**MATERIALS PROVIDED**
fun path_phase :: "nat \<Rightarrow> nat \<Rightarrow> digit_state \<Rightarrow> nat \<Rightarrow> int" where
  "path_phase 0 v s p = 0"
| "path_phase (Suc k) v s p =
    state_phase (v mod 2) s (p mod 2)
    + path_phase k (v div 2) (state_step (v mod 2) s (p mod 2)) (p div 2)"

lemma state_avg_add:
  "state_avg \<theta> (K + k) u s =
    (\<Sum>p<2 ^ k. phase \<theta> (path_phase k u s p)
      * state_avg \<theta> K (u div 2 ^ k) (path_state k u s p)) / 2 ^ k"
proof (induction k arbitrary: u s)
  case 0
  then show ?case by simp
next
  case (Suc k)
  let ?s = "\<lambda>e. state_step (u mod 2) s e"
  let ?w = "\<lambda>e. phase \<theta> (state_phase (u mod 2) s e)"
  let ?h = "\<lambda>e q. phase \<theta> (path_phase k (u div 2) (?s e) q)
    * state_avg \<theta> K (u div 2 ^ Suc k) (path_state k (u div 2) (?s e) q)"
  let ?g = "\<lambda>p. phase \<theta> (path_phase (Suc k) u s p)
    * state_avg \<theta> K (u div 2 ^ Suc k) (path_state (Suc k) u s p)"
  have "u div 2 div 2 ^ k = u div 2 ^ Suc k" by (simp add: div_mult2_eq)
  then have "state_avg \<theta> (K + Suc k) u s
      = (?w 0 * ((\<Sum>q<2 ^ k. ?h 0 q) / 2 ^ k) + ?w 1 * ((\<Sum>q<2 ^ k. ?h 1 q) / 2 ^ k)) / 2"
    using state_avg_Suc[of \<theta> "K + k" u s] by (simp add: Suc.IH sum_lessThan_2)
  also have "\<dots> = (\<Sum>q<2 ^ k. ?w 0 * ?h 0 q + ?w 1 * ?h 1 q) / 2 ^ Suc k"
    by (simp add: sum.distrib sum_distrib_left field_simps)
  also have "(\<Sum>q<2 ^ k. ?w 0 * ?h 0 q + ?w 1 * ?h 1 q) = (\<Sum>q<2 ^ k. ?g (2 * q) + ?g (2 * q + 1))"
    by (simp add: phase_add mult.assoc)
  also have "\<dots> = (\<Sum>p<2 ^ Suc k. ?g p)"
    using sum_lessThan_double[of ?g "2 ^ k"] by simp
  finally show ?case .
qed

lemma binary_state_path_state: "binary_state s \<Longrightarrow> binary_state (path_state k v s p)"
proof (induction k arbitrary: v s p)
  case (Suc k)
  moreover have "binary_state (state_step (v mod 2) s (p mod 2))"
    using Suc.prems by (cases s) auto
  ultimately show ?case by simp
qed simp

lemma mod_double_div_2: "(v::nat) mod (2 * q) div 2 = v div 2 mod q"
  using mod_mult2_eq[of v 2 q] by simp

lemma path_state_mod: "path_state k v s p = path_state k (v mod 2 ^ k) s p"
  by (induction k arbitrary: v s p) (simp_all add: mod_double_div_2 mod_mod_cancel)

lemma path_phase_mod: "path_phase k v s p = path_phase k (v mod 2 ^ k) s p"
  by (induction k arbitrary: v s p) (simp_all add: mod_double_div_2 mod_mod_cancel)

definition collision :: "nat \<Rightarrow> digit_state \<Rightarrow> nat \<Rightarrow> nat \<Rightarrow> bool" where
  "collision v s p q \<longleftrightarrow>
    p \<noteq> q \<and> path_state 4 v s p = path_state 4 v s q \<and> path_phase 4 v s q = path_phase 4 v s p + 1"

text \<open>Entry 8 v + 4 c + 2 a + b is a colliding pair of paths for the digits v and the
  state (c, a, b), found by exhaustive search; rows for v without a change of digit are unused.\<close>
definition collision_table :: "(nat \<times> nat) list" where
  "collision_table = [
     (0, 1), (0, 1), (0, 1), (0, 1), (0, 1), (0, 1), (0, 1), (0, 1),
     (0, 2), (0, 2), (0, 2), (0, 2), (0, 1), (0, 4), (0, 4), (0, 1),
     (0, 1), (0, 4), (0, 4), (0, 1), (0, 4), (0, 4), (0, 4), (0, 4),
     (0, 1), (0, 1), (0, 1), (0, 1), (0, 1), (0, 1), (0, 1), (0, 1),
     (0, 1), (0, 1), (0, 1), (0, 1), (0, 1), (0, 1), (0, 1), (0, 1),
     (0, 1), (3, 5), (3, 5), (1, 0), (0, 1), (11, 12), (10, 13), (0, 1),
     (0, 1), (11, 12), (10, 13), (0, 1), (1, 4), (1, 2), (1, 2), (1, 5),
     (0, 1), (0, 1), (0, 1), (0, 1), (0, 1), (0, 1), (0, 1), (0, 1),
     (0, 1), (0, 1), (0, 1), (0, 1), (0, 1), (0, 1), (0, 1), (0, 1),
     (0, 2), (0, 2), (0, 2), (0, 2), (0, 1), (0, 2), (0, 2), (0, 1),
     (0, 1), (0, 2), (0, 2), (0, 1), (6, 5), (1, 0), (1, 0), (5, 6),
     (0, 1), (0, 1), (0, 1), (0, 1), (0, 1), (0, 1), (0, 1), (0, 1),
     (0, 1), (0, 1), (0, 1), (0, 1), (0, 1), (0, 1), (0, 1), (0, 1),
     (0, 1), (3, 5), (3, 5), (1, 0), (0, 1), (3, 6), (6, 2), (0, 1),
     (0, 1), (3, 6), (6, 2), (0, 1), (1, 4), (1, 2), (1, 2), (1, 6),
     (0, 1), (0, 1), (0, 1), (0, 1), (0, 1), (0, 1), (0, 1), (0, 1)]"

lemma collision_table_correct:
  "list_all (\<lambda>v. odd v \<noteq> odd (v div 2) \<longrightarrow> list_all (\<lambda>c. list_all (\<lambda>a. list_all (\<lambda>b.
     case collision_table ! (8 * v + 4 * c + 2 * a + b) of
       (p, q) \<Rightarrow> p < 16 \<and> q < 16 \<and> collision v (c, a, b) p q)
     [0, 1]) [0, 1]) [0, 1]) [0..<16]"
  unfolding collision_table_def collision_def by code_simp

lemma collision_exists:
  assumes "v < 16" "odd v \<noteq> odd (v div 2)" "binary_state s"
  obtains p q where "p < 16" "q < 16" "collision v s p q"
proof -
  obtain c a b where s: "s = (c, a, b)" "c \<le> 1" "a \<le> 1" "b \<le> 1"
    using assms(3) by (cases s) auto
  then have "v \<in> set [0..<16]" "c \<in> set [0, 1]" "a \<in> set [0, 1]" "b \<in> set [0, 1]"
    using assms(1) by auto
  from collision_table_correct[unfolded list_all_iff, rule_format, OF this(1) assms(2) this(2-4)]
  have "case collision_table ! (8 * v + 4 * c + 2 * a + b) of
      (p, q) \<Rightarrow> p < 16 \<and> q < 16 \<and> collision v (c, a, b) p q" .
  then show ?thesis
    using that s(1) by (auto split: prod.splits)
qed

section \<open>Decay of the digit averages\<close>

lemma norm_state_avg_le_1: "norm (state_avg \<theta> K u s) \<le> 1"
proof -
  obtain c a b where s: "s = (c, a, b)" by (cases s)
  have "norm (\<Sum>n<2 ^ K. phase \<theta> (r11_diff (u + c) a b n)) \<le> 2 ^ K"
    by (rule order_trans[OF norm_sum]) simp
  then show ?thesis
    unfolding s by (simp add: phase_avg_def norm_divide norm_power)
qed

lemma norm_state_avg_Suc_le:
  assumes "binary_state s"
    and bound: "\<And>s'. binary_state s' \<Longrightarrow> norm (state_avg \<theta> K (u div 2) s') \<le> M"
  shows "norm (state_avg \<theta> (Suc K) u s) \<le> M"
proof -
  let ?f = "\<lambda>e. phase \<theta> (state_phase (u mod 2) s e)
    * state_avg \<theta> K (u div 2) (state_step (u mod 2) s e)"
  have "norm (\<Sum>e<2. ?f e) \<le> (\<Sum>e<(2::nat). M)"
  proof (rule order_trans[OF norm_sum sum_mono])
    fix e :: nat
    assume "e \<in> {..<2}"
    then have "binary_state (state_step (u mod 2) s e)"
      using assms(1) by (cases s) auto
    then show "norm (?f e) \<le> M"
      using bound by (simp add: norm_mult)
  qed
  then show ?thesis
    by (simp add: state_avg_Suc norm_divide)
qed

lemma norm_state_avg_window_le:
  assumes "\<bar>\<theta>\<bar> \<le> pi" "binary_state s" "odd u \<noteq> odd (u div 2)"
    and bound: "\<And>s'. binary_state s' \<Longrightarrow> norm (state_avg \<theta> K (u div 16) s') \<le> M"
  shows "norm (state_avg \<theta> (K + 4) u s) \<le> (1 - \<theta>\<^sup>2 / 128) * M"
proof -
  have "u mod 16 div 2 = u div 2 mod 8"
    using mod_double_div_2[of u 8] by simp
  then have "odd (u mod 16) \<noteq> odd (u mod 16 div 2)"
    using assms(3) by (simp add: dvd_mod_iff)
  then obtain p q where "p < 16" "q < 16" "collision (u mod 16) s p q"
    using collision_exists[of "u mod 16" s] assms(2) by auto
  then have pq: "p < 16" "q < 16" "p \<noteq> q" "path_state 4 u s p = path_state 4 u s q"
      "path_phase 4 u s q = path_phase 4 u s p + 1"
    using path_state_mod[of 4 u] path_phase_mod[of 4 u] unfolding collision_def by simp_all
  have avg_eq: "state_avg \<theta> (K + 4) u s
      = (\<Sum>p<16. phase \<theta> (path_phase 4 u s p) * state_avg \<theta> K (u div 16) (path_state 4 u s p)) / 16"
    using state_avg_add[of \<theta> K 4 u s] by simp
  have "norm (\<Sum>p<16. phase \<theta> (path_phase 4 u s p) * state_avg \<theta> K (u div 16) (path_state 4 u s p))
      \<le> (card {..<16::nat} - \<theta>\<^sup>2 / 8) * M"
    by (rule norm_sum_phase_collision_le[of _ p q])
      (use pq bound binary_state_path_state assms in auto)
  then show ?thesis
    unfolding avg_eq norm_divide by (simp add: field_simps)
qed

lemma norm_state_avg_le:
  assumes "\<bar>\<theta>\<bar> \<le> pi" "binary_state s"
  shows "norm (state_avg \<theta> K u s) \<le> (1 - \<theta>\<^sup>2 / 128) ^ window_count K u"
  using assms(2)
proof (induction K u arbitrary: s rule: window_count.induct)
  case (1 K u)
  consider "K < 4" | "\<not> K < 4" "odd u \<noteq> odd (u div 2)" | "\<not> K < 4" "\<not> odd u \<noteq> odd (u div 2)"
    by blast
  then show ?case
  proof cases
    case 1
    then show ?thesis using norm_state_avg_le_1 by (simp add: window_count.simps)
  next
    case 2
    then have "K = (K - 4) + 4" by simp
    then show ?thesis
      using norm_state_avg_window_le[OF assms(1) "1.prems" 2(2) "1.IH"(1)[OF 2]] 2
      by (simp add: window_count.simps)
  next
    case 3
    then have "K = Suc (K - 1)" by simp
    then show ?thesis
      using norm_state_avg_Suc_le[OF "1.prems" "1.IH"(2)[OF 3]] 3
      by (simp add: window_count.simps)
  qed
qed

**THE PROBLEM**
Reproduce only this range: the first line of the data above through the line with "state_phase (v mod 2) s (p mod 2)", both included, exactly as written.

**TASK ANSWER**
fun path_phase :: "nat \<Rightarrow> nat \<Rightarrow> digit_state \<Rightarrow> nat \<Rightarrow> int" where
  "path_phase 0 v s p = 0"
| "path_phase (Suc k) v s p =
    state_phase (v mod 2) s (p mod 2)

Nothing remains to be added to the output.